Growing up in Pittsburgh
John Swindler
j_swindler at hotmail.com
Mon Jun 26 17:14:57 EDT 2000
Fred W. Schneider commented:
>
>While we're reminiscing off the subject of Pittsburgh Railways, let me add
>another.
>About ten years ago, Don Duke and I were vacationing together (I just
>looked at a slide and discovered how fast time flies ... it was actually
>October 1983) we managed to flatten a tire on a rental car out in the
>Mojave Desert ... we were reduced to driving 50 miles per hour on one of
>those damn doughnuts.
>Stopped in Ludlow, California to call the car's owner in LA to make
>arrangements to get a new tire.
>
>Guess what? There was no dial on the pay phone. No buttons either. An
>honest-to-goodness operator run switchboard system where the operator comes
>on the line when you life the handset and asks, "Number please."
>
>Dave Garcia told me it was the last or second last non-automated phone
>system in the United States ... had about a dozen lines on the switchboard.
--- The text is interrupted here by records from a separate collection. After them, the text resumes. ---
(* Let $F$ be a finite field of characteristic $3$. Let $k\ge 0$ be an integer, $m=3k+1$, and $t$ an integer with $t^3\equiv 1\pmod m$ and $\gcd(m,t-1)=1$. Let $G=T_{3m}=\langle x,y\mid x^m=y^3=1,\ y^{-1}xy=x^t\rangle$ (of order $3m$), $FG$ its group algebra, and $H=\langle x\rangle$. Let $\mathcal{C}_1,\dots,\mathcal{C}_k$ be the conjugacy classes of $G$ contained in $\langle x\rangle\setminus\{1\}$ (there are exactly $k$ of them, each of the form $\{x^j,x^{jt},x^{jt^2}\}$), and let $\hat{\mathcal{C}}_i=\sum_{g\in\mathcal{C}_i}g\in FG$. Then $Z(\Delta(G,H))$ equals the $F$-linear span of $\hat{\mathcal{C}}_1,\dots,\hat{\mathcal{C}}_k$.
   Context: $\Delta(G,H)$ is the ideal of $FG$ generated by $\{h-1\mid h\in H\}$; $Z(R)$ denotes the center of a ring $R$. *)

theory Defs
  imports "HOL-Number_Theory.Cong"
begin

text \<open>The element y^b x^a (0 <= a < m, 0 <= b < 3) is encoded as the pair (a, b).
  Since y^{-1} x y = x^t we have x^a y^d = y^d x^(a t^d), hence
  (y^b x^a)(y^d x^c) = y^(b+d) x^(a t^d + c).\<close>

definition T_carrier :: "int \<Rightarrow> (int \<times> int) set" where
  "T_carrier m = {0..<m} \<times> {0..<3}"

definition T_mult :: "int \<Rightarrow> int \<Rightarrow> int \<times> int \<Rightarrow> int \<times> int \<Rightarrow> int \<times> int" where
  "T_mult m t p q = ((fst p * t ^ nat (snd q) + fst q) mod m, (snd p + snd q) mod 3)"

definition T_one :: "int \<times> int" where
  "T_one = (0, 0)"

definition T_x :: "int \<Rightarrow> int \<times> int" where
  "T_x m = (1 mod m, 0)"

definition T_y :: "int \<times> int" where
  "T_y = (0, 1)"

definition T_H :: "int \<Rightarrow> int \<Rightarrow> (int \<times> int) set" where
  "T_H m t = range (\<lambda>n::nat. (T_mult m t (T_x m) ^^ n) T_one)"

text \<open>Elements of FG: functions G -> F vanishing outside the carrier.\<close>
definition grp_alg :: "'g set \<Rightarrow> ('g \<Rightarrow> 'a::zero) set" where
  "grp_alg S = {f. \<forall>z. z \<notin> S \<longrightarrow> f z = 0}"

definition ga_mult :: "'g set \<Rightarrow> ('g \<Rightarrow> 'g \<Rightarrow> 'g) \<Rightarrow> ('g \<Rightarrow> 'a::comm_ring_1) \<Rightarrow> ('g \<Rightarrow> 'a) \<Rightarrow> ('g \<Rightarrow> 'a)" where
  "ga_mult S gmult f g = (\<lambda>z. \<Sum>p\<in>S \<times> S. if gmult (fst p) (snd p) = z then f (fst p) * g (snd p) else 0)"

definition ga_elem :: "'g \<Rightarrow> ('g \<Rightarrow> 'a::comm_ring_1)" where
  "ga_elem g = (\<lambda>z. if z = g then 1 else 0)"

text \<open>Delta(G,H): the (two-sided) ideal of FG generated by {h - 1 | h in H}.\<close>
inductive_set Delta :: "'g set \<Rightarrow> ('g \<Rightarrow> 'g \<Rightarrow> 'g) \<Rightarrow> 'g \<Rightarrow> 'g set \<Rightarrow> ('g \<Rightarrow> 'a::comm_ring_1) set"
  for S gmult one H where
  gen: "h \<in> H \<Longrightarrow> (\<lambda>z. ga_elem h z - ga_elem one z) \<in> Delta S gmult one H"
| zero: "(\<lambda>z. 0) \<in> Delta S gmult one H"
| add: "u \<in> Delta S gmult one H \<Longrightarrow> v \<in> Delta S gmult one H \<Longrightarrow> (\<lambda>z. u z + v z) \<in> Delta S gmult one H"
| lmult: "a \<in> grp_alg S \<Longrightarrow> u \<in> Delta S gmult one H \<Longrightarrow> ga_mult S gmult a u \<in> Delta S gmult one H"
| rmult: "a \<in> grp_alg S \<Longrightarrow> u \<in> Delta S gmult one H \<Longrightarrow> ga_mult S gmult u a \<in> Delta S gmult one H"

definition ga_center :: "'g set \<Rightarrow> ('g \<Rightarrow> 'g \<Rightarrow> 'g) \<Rightarrow> ('g \<Rightarrow> 'a::comm_ring_1) set \<Rightarrow> ('g \<Rightarrow> 'a) set" where
  "ga_center S gmult R = {z \<in> R. \<forall>r \<in> R. ga_mult S gmult z r = ga_mult S gmult r z}"

text \<open>Conjugacy class of g: all h^{-1} g h, i.e. all u in G with h u = g h for some h in G.\<close>
definition conj_class :: "'g set \<Rightarrow> ('g \<Rightarrow> 'g \<Rightarrow> 'g) \<Rightarrow> 'g \<Rightarrow> 'g set" where
  "conj_class S gmult g = {u \<in> S. \<exists>h \<in> S. gmult h u = gmult g h}"

definition class_sum :: "'g set \<Rightarrow> ('g \<Rightarrow> 'a::comm_ring_1)" where
  "class_sum C = (\<lambda>z. if z \<in> C then 1 else 0)"

definition ga_span :: "'i set \<Rightarrow> ('i \<Rightarrow> 'g \<Rightarrow> 'a::comm_ring_1) \<Rightarrow> ('g \<Rightarrow> 'a) set" where
  "ga_span I v = {f. \<exists>c. f = (\<lambda>z. \<Sum>i\<in>I. c i * v i z)}"

end

theory Submission
  imports Defs "HOL-Algebra.Elementary_Groups"
begin

text \<open>Since \<open>|H| = m \<equiv> 1 (mod 3)\<close> is invertible in \<open>F\<close>, the element \<open>e = |H|\<inverse> \<Sum>H\<close> is
  defined. Elements of \<open>\<Delta>(G,H)\<close> have vanishing coefficient sums on the cosets of \<open>H\<close>, so \<open>e\<close>
  annihilates \<open>\<Delta>(G,H)\<close> on both sides, while \<open>h(1 - e) \<in> \<Delta>(G,H)\<close> for every \<open>h \<in> G\<close>. Hence
  \<open>Z(\<Delta>(G,H))\<close> consists exactly of the class functions in \<open>\<Delta>(G,H)\<close>. Such a class function vanishes
  off \<open>H\<close>, because each coset \<open>y\<^sup>b H\<close> with \<open>b \<noteq> 0\<close> is a single conjugacy class whose
  coefficient sum is \<open>m\<close> times the common value; and it vanishes at \<open>1\<close>, because the
  coefficient sum over \<open>H\<close> is zero and the classes in \<open>H - {1}\<close> have size \<open>3 = 0\<close>. What is left is a
  combination of the class sums \<open>\<Sum>C\<close>, and these lie in \<open>\<Delta>(G,H)\<close> since \<open>\<Sum>C = \<Sum>g\<in>C. (g - 1)\<close>.\<close>

section \<open>Group algebras\<close>

lemma ga_mult_diff_left:
  "ga_mult S gm (\<lambda>x. a x - b x) c w = ga_mult S gm a c w - ga_mult S gm b c w"
  unfolding ga_mult_def sum_subtractf[symmetric] by (rule sum.cong) (auto simp: left_diff_distrib)
text \<open>The upper bound makes \<open>kernel_form \<Phi>\<close> vanish on the kernel of \<open>\<iota>\<close>, so it descends to
  the dense subspace \<open>range \<iota>\<close>.\<close>

lemma kernel_form_respects_dilation_map:
  assumes "\<iota> l1 = \<iota> l2"
  shows "kernel_form \<Phi> l1 h = kernel_form \<Phi> l2 h" and "kernel_form \<Phi> h l1 = kernel_form \<Phi> h l2"
proof -
  let ?d = "l1 @ formal_scaleC (- 1) l2"
  have "\<iota> ?d = 0"
    using assms by (simp add: dilation_map_append dilation_map_formal_scaleC[OF \<pi> J] scaleC_minus1_left)
  then have "Re (kernel_form \<Phi> ?d ?d) = 0"
    using upper[of ?d] K.Re_self_nonneg[of ?d] by simp
  then have "kernel_form \<Phi> ?d h = 0" by (rule K.null_self_imp_zero)
  then show left: "kernel_form \<Phi> l1 h = kernel_form \<Phi> l2 h"
    by (simp add: kernel_form_append_left kernel_form_formal_scaleC_left)
  show "kernel_form \<Phi> h l1 = kernel_form \<Phi> h l2"
    using left K.hermitian[of l1 h] K.hermitian[of l2 h] by simp
qed

definition representative :: "'m \<Rightarrow> ('a \<times> 'h) list"
  where "representative m = (SOME l. \<iota> l = m)"

lemma dilation_map_representative: "\<iota> (representative (\<iota> l)) = \<iota> l"
  unfolding representative_def by (rule someI_ex) blast

lemma kernel_form_representative:
  "kernel_form \<Phi> (representative (\<iota> l)) l' = kernel_form \<Phi> l l'"
  "kernel_form \<Phi> l (representative (\<iota> l')) = kernel_form \<Phi> l l'"
  by (rule kernel_form_respects_dilation_map[OF dilation_map_representative])+

lemma representing_vector_exists:
  "\<exists>u. (\<forall>l. cinner (\<iota> l) u = kernel_form \<Phi> l l') \<and> norm u \<le> C * norm (\<iota> l')"
proof -
  let ?f = "\<lambda>x. cnj (kernel_form \<Phi> (representative x) l')"
  have "\<exists>u. (\<forall>x\<in>range \<iota>. ?f x = cinner u x) \<and> norm u \<le> C * norm (\<iota> l')"
  proof (rule riesz_representation_dense[OF dense csubspace_range_dilation_map[OF \<pi> J]])
    show "?f (x + y) = ?f x + ?f y" if xy: "x \<in> range \<iota>" "y \<in> range \<iota>" for x y
    proof -
      obtain l1 l2 where x: "x = \<iota> l1" and y: "y = \<iota> l2" using xy by blast
      then have "x + y = \<iota> (l1 @ l2)" by (simp add: dilation_map_append)
      then show ?thesis by (simp add: x y kernel_form_representative kernel_form_append_left)
    qed
    show "?f (c *\<^sub>C x) = c * ?f x" if x: "x \<in> range \<iota>" for c x
    proof -
      obtain l where x: "x = \<iota> l" using x by blast
      then have "c *\<^sub>C x = \<iota> (formal_scaleC c l)" by (simp add: dilation_map_formal_scaleC[OF \<pi> J])
      then show ?thesis by (simp add: x kernel_form_representative kernel_form_formal_scaleC_left)
    qed
    show "cmod (?f x) \<le> C * norm (\<iota> l') * norm x" if x: "x \<in> range \<iota>" for x
    proof -
      obtain l where "x = \<iota> l" using x by blast
      have "cmod (kernel_form \<Phi> l l') \<le> sqrt (Re (kernel_form \<Phi> l l)) * sqrt (Re (kernel_form \<Phi> l' l'))"
        by (rule K.cauchy_schwarz_sqrt)
      also have "\<dots> \<le> sqrt (C * (norm (\<iota> l))\<^sup>2) * sqrt (C * (norm (\<iota> l'))\<^sup>2)"
        using K.Re_self_nonneg C_pos by (intro mult_mono real_sqrt_le_mono upper) auto
      also have "\<dots> = C * norm (\<iota> l') * norm (\<iota> l)"
        using C_pos by (simp add: real_sqrt_mult)
      finally show ?thesis by (simp add: \<open>x = \<iota> l\<close> kernel_form_representative)
    qed
  qed (use C_pos in simp)
  then obtain u where u: "\<And>x. x \<in> range \<iota> \<Longrightarrow> ?f x = cinner u x" and u_norm: "norm u \<le> C * norm (\<iota> l')"
    by blast
  have "cinner (\<iota> l) u = kernel_form \<Phi> l l'" for l
    using arg_cong[OF u[OF rangeI[of \<iota> l]], of cnj] cinner_commute[of "\<iota> l" u]
    by (simp add: kernel_form_representative)
  then show ?thesis using u_norm by blast
qed

definition form_operator :: "'m \<Rightarrow> 'm"
  where "form_operator m =
    (SOME u. (\<forall>l. cinner (\<iota> l) u = kernel_form \<Phi> l (representative m)) \<and> norm u \<le> C * norm m)"

lemma form_operator:
  "cinner (\<iota> l) (form_operator (\<iota> l')) = kernel_form \<Phi> l l'"
  "norm (form_operator (\<iota> l')) \<le> C * norm (\<iota> l')"
proof -
  have "\<exists>u. (\<forall>l. cinner (\<iota> l) u = kernel_form \<Phi> l (representative (\<iota> l'))) \<and> norm u \<le> C * norm (\<iota> l')"
    using representing_vector_exists[of "representative (\<iota> l')"]
    by (simp add: dilation_map_representative)
  then have "(\<forall>l. cinner (\<iota> l) (form_operator (\<iota> l')) = kernel_form \<Phi> l (representative (\<iota> l')))
      \<and> norm (form_operator (\<iota> l')) \<le> C * norm (\<iota> l')"
    unfolding form_operator_def by (rule someI_ex)
  then show "cinner (\<iota> l) (form_operator (\<iota> l')) = kernel_form \<Phi> l l'"
    and "norm (form_operator (\<iota> l')) \<le> C * norm (\<iota> l')"
    by (simp_all add: kernel_form_representative)
qed

lemma form_operator_unique: "(\<And>l. cinner (\<iota> l) u = kernel_form \<Phi> l l') \<Longrightarrow> form_operator (\<iota> l') = u"
  by (rule cinner_ext_dense[OF dense]) (auto simp: form_operator)

lemma bounded_form_operator_exists:
  "\<exists>E. bounded_clinear E \<and> (\<forall>l l'. cinner (\<iota> l) (E (\<iota> l')) = kernel_form \<Phi> l l')"
proof -
  have "\<exists>E. bounded_clinear E \<and> (\<forall>x\<in>range \<iota>. E x = form_operator x)"
  proof (rule bounded_clinear_extension_from_dense[OF dense csubspace_range_dilation_map[OF \<pi> J]])
    show "form_operator (x + y) = form_operator x + form_operator y"
      if xy: "x \<in> range \<iota>" "y \<in> range \<iota>" for x y
    proof -
      obtain l1 l2 where x: "x = \<iota> l1" and y: "y = \<iota> l2" using xy by blast
      show ?thesis unfolding x y dilation_map_append[symmetric]
        by (rule form_operator_unique) (simp add: cinner_add_right form_operator kernel_form_append_right)
    qed
    show "form_operator (c *\<^sub>C x) = c *\<^sub>C form_operator x" if x: "x \<in> range \<iota>" for c x
    proof -
      obtain l where x: "x = \<iota> l" using x by blast
      show ?thesis unfolding x dilation_map_formal_scaleC[OF \<pi> J, symmetric]
        by (rule form_operator_unique)
          (simp add: cinner_scaleC_right form_operator kernel_form_formal_scaleC_right[OF \<Phi>])
    qed
    show "norm (form_operator x) \<le> C * norm x" if "x \<in> range \<iota>" for x
      using that form_operator(2) by blast
  qed
  then show ?thesis by (auto simp: form_operator)
qed

context
  fixes E :: "'m \<Rightarrow> 'm"
  assumes E: "bounded_clinear E" and E_kernel: "\<And>l l'. cinner (\<iota> l) (E (\<iota> l')) = kernel_form \<Phi> l l'"
begin

lemma continuous_on_cinner_E: "continuous_on UNIV (\<lambda>x. cinner x (E x))"
  by (rule continuous_on_cinner[OF continuous_on_id continuous_on_bounded_clinear[OF E continuous_on_id]])

lemma E_positive: "positive_op E"
proof -
  have nonneg: "cnonneg (cinner x (E x))" if "x \<in> range \<iota>" for x
    using that kernel_form_nonneg[OF UCP_completely_positive[OF \<Phi>]] by (auto simp: E_kernel)
  have "Im (cinner x (E x)) = 0" for x
    by (rule continuous_eq_on_dense[OF dense continuous_on_Im[OF continuous_on_cinner_E]
          continuous_on_const])
      (use nonneg in \<open>simp add: cnonneg_def\<close>)
  moreover have "0 \<le> Re (cinner x (E x))" for x
    by (rule continuous_le_on_dense[OF dense continuous_on_const
          continuous_on_Re[OF continuous_on_cinner_E]])
      (use nonneg in \<open>simp add: cnonneg_def\<close>)
  ultimately show ?thesis using E by (simp add: positive_op_def cnonneg_def)
qed

lemma E_coercive: "s * (norm x)\<^sup>2 \<le> Re (cinner x (E x))"
proof (rule continuous_le_on_dense[OF dense _ continuous_on_Re[OF continuous_on_cinner_E]])
  show "continuous_on UNIV (\<lambda>x. s * (norm x)\<^sup>2)" by (intro continuous_intros)
qed (auto simp: E_kernel lower)

lemma E_commute: "E (\<pi> c x) = \<pi> c (E x)"
proof -
  have "E (\<pi> c (\<iota> l')) = \<pi> c (E (\<iota> l'))" for l'
  proof (rule cinner_ext_dense[OF dense])
    fix m assume "m \<in> range \<iota>"
    then obtain l where m: "m = \<iota> l" by blast
    have \<pi>_c: "\<pi> c = cadjoint (\<pi> (invol c))"
      using star_rep_invol[OF \<pi>, of "invol c"] by (simp add: invol_invol)
    have "cinner m (\<pi> c (E (\<iota> l'))) = cinner (\<pi> (invol c) (\<iota> l)) (E (\<iota> l'))"
      unfolding m \<pi>_c by (rule cinner_cadjoint_right[OF star_rep_bounded[OF \<pi>]])
    also have "\<dots> = kernel_form \<Phi> (formal_mult (invol c) l) l'"
      by (simp add: dilation_map_formal_mult[OF \<pi> J, symmetric] E_kernel)
    also have "\<dots> = kernel_form \<Phi> l (formal_mult c l')" by (simp add: kernel_form_formal_mult invol_invol)
    also have "\<dots> = cinner m (E (\<pi> c (\<iota> l')))"
      by (simp add: m dilation_map_formal_mult[OF \<pi> J, symmetric] E_kernel)
    finally show "cinner m (E (\<pi> c (\<iota> l'))) = cinner m (\<pi> c (E (\<iota> l')))" by simp
  qed
  moreover have "continuous_on UNIV (\<lambda>x. E (\<pi> c x))" "continuous_on UNIV (\<lambda>x. \<pi> c (E x))"
    using continuous_on_bounded_clinear[OF E] continuous_on_bounded_clinear[OF star_rep_bounded[OF \<pi>]]
      continuous_on_id by blast+
  ultimately show ?thesis using continuous_eq_on_dense[OF dense] by blast
qed

lemma E_compression: "\<Phi> a = cadjoint J \<circ> \<pi> a \<circ> E \<circ> J"
proof
  fix w
  show "\<Phi> a w = (cadjoint J \<circ> \<pi> a \<circ> E \<circ> J) w"
  proof (rule cinner_ext)
    fix v
    have "cinner v ((cadjoint J \<circ> \<pi> a \<circ> E \<circ> J) w) = cinner (\<iota> [(1, v)]) (E (\<iota> [(a, w)]))"
      by (simp add: cinner_cadjoint_right[OF J] E_commute dilation_map_single star_rep_one[OF \<pi>])
    also have "\<dots> = cinner v (\<Phi> a w)" by (simp add: E_kernel kernel_form_single)
    finally show "cinner v (\<Phi> a w) = cinner v ((cadjoint J \<circ> \<pi> a \<circ> E \<circ> J) w)" by simp
  qed
qed

end

lemma Radon_Nikodym_derivative_exists:
  "\<exists>E\<in>F_set \<pi> J. has_bounded_inverse E \<and> (\<forall>a. \<Phi> a = cadjoint J \<circ> \<pi> a \<circ> E \<circ> J)"
proof -
  obtain E where E: "bounded_clinear E"
    and E_kernel: "\<And>l l'. cinner (\<iota> l) (E (\<iota> l')) = kernel_form \<Phi> l l'"
    using bounded_form_operator_exists by blast
  note compression = E_compression[OF E E_kernel]
  \<comment> \<open>\<open>\<Phi>\<close> is unital, so the case \<open>a = 1\<close> of the compression formula is \<open>J\<^sup>* E J = 1\<close>\<close>
  have "cadjoint J \<circ> E \<circ> J = id"
    using compression[of 1] UCP_one[OF \<Phi>] star_rep_one[OF \<pi>] by (auto simp: fun_eq_iff)
  then have "E \<in> F_set \<pi> J"
    using E_positive[OF E E_kernel] E_commute[OF E E_kernel] by (auto simp: F_set_def fun_eq_iff)
  moreover have "has_bounded_inverse E"
    by (rule coercive_imp_bounded_inverse[OF E s_pos E_coercive[OF E E_kernel]])
  ultimately show ?thesis using compression by blast
qed

end
(* Let $E$ be a separable real Hilbert space, $0<p<\infty$, $\mu\in\mathcal{W}_p(E)$, $x\in E\setminus\{0\}$ and $a,b\in\mathbb{R}$ with $a\neq b$. For $0\le\alpha\le1$ let $\zeta^\alpha_{a,b}(x):=\alpha\delta_{ax}+(1-\alpha)\delta_{bx}$, and set $m:=\min\{d_{\mathcal{W}_p}(\mu,\zeta^\alpha_{a,b}(x))\colon 0\le\alpha\le1\}$. Then $$\mu\big(B(ax,bx)\big)=\max\{\alpha\colon d_{\mathcal{W}_p}(\mu,\zeta^\alpha_{a,b}(x))=m\}-\min\{\alpha\colon d_{\mathcal{W}_p}(\mu,\zeta^\alpha_{a,b}(x))=m\},$$ where $B(y,z):=\{w\in E\colon\|y-w\|=\|z-w\|\}$ is the bisector hyperplane of $y\neq z$.
   Context: For $0<p<\infty$, $\mathcal{W}_p(E)$ is the set of Borel probability measures $\mu$ on $E$ with $\int_E\|x\|^p\,d\mu(x)<\infty$, equipped with $d_{\mathcal{W}_p}(\mu,\nu)=\big(\inf_{\pi\in\Pi(\mu,\nu)}\int_{E\times E}\|x-y\|^p\,d\pi(x,y)\big)^{\min\{1/p,1\}}$, where $\Pi(\mu,\nu)$ is the set of Borel probability measures on $E\times E$ with marginals $\mu$ and $\nu$. *)

theory Defs
  imports "HOL-Probability.Probability"
begin

definition Wp_space :: "real \<Rightarrow> ('a::{real_normed_vector, second_countable_topology}) measure set" where
  "Wp_space p = {\<mu>. prob_space \<mu> \<and> sets \<mu> = sets borel \<and>
      (\<integral>\<^sup>+ x. ennreal (norm x powr p) \<partial>\<mu>) < \<infinity>}"

definition couplings :: "'a::{real_normed_vector, second_countable_topology} measure \<Rightarrow> 'a measure \<Rightarrow> ('a \<times> 'a) measure set" where
  "couplings \<mu> \<nu> = {\<pi>. prob_space \<pi> \<and> sets \<pi> = sets borel \<and>
      distr \<pi> borel fst = \<mu> \<and> distr \<pi> borel snd = \<nu>}"

definition wasserstein :: "real \<Rightarrow> 'a::{real_normed_vector, second_countable_topology} measure \<Rightarrow> 'a measure \<Rightarrow> real" where
  "wasserstein p \<mu> \<nu> =
     (enn2real (INF \<pi>\<in>couplings \<mu> \<nu>. \<integral>\<^sup>+ z. ennreal (norm (fst z - snd z) powr p) \<partial>\<pi>)) powr (min (1/p) 1)"

definition zeta :: "real \<Rightarrow> real \<Rightarrow> real \<Rightarrow> 'a::{real_normed_vector, second_countable_topology} \<Rightarrow> 'a measure" where
  "zeta \<alpha> a b x = measure_of UNIV (sets borel)
     (\<lambda>A. ennreal \<alpha> * indicator A (a *\<^sub>R x) + ennreal (1 - \<alpha>) * indicator A (b *\<^sub>R x))"

definition bisector :: "'a::real_normed_vector \<Rightarrow> 'a \<Rightarrow> 'a set" where
  "bisector y z = {w. norm (y - w) = norm (z - w)}"

end

theory Submission
  imports Defs
begin

text \<open>Write \<open>y = a x\<close>, \<open>z = b x\<close> and \<open>c(w, v) = \<parallel>w - v\<parallel>\<^sup>p\<close>. Every coupling of \<open>\<mu>\<close> with
  \<open>\<zeta>\<^sup>\<alpha>\<close> transports all mass to \<open>{y, z}\<close>, so its cost is at least
  \<open>L = \<integral> min (c(w, y), c(w, z)) d\<mu>\<close>. Sending the points strictly closer to \<open>y\<close> to \<open>y\<close>, those
  strictly closer to \<open>z\<close> to \<open>z\<close>, and splitting the bisector in any proportion attains \<open>L\<close>; this
  is possible exactly for \<open>\<alpha>\<close> between \<open>\<mu>{closer to y}\<close> and \<open>\<mu>{not farther from y}\<close>. For
  any other \<open>\<alpha>\<close> a fixed positive mass must travel to the worse point with a uniform loss, so the
  cost exceeds \<open>L\<close>. Hence the minimisers of \<open>\<alpha> \<mapsto> W\<^sub>p(\<mu>, \<zeta>\<^sup>\<alpha>)\<close> form an interval whose
  length is the mass of the bisector.\<close>

lemma powr_less_powr_iff:
  fixes x y a :: real
  assumes "0 < a" "0 \<le> x" "0 \<le> y"
  shows "x powr a < y powr a \<longleftrightarrow> x < y"
  using assms powr_less_mono2[of a] by (metis not_less order.order_iff_strict)

lemma add_powr_le_two_powr:
  fixes s t p :: real
  assumes "0 \<le> s" "0 \<le> t" "0 \<le> p"
  shows "(s + t) powr p \<le> 2 powr p * (s powr p + t powr p)"
proof -
  have "(s + t) powr p \<le> (2 * max s t) powr p"
    using assms by (intro powr_mono2) auto
  also have "\<dots> = 2 powr p * max s t powr p"
    using assms by (simp add: powr_mult)
  also have "max s t powr p \<le> s powr p + t powr p"
    by (simp add: max_def)
  finally show ?thesis
    by simp
qed
lemma subdivision_cylinder_faceD:
  assumes X: "X \<in> subdivision_cylinder K"
  shows "finite X \<and> X \<noteq> {}"
proof
  have "{} \<notin> K" "{} \<notin> order_complex K"
    using simplicial_complex_faceD[OF K] by (auto simp: order_complex_def)
  then have "Inl -` X \<noteq> {} \<or> Inr -` X \<noteq> {}"
    using X by (auto simp: subdivision_cylinder_def)
  then show "X \<noteq> {}"
    using Inl_Inr_vimage_empty_iff by blast
  have "finite (Inl -` X)"
    using subdivision_cylinder_Inl_vimage[OF X] simplicial_complex_faceD[OF K]
    by (cases "Inl -` X = {}") auto
  moreover have "finite (Inr -` X)"
    using subdivision_cylinder_Inr_vimage(1)[OF X] by (cases "Inr -` X = {}") (auto simp: order_complex_def)
  ultimately have "finite (Inl ` (Inl -` X) \<union> Inr ` (Inr -` X))"
    by (intro finite_UnI finite_imageI)
  then show "finite X"
    by (simp only: Inl_vimage_Un_Inr_vimage)
qed

lemma simplicial_complex_subdivision_cylinder: "simplicial_complex (subdivision_cylinder K)"
proof (rule simplicial_complexI)
  show "finite (subdivision_cylinder K)"
  proof (rule finite_subset[OF subdivision_cylinder_subset])
    show "finite (Pow (Inl ` \<Union>K \<union> Inr ` K))"
      using simplicial_complex_finite_Union[OF K] simplicial_complex_finite[OF K] by simp
  qed
  show "finite X \<and> X \<noteq> {}" if "X \<in> subdivision_cylinder K" for X
    using that by (rule subdivision_cylinder_faceD)
next
  fix X Y assume X: "X \<in> subdivision_cylinder K" and "Y \<noteq> {}" "Y \<subseteq> X"
  then have sub: "Inl -` Y \<subseteq> Inl -` X" "Inr -` Y \<subseteq> Inr -` X"
    by auto
  show "Y \<in> subdivision_cylinder K"
  proof (cases "Inr -` Y = {}")
    case True
    then have "Inl -` Y \<noteq> {}"
      using \<open>Y \<noteq> {}\<close> Inl_Inr_vimage_empty_iff[of Y] by simp
    moreover have "Inl -` X \<noteq> {}"
      using calculation sub(1) by blast
    ultimately have "Inl -` Y \<in> K"
      using simplicial_complex_downward_closed[OF K subdivision_cylinder_Inl_vimage[OF X]] sub(1) by blast
    then show ?thesis
      using True by (simp add: subdivision_cylinder_def)
  next
    case False
    then have "Inr -` X \<noteq> {}"
      using sub(2) by blast
    note X_chain = subdivision_cylinder_Inr_vimage[OF X this]
    have "Inr -` Y \<in> order_complex K"
      using simplicial_complex_downward_closed[OF simplicial_complex_order_complex X_chain(1) False sub(2)]
        simplicial_complex_finite[OF K] by blast
    moreover have "Inl -` Y \<subseteq> \<Inter>(Inr -` Y)"
      using X_chain(2) sub by blast
    ultimately show ?thesis
      by (simp add: subdivision_cylinder_def)
  qed
qed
> Was in use 24 hours a day if you let it ring long enough at night to wake
>up the owner-operator. How did you dial in from the rest of the world?
>There was a number in Barstow that was connected to the switchboard for
>incoming calls.
>
>And how am I going to connect this back to Pittsburgh? As a nine year old
>in Penn Hills, our number was 1416-J. The city had rotary dial phones but
>we still had operators. I think it was changed a few months after we moved
>out in August 1949.
>
Speaking of telephone operators and their demise, I still recall a college
professor in a business course commenting (and this was over 30 years ago)
that without automation and investment, AT&T would have had to employ every
women in the US as telephone operators to try to handle the volume of phone
traffic. At least that is what he claimed.
I could try to connect this comment to this mail list by noting that my
"school bus" to college was the 42/38 and 37 trolley. But instead, suggest
that the professor's comments about automation and investment has a lot to
do with the passing of the street railway - and transit in general -
industry as we knew it. (It's that economics topic that we don't like to
talk about.)
John S.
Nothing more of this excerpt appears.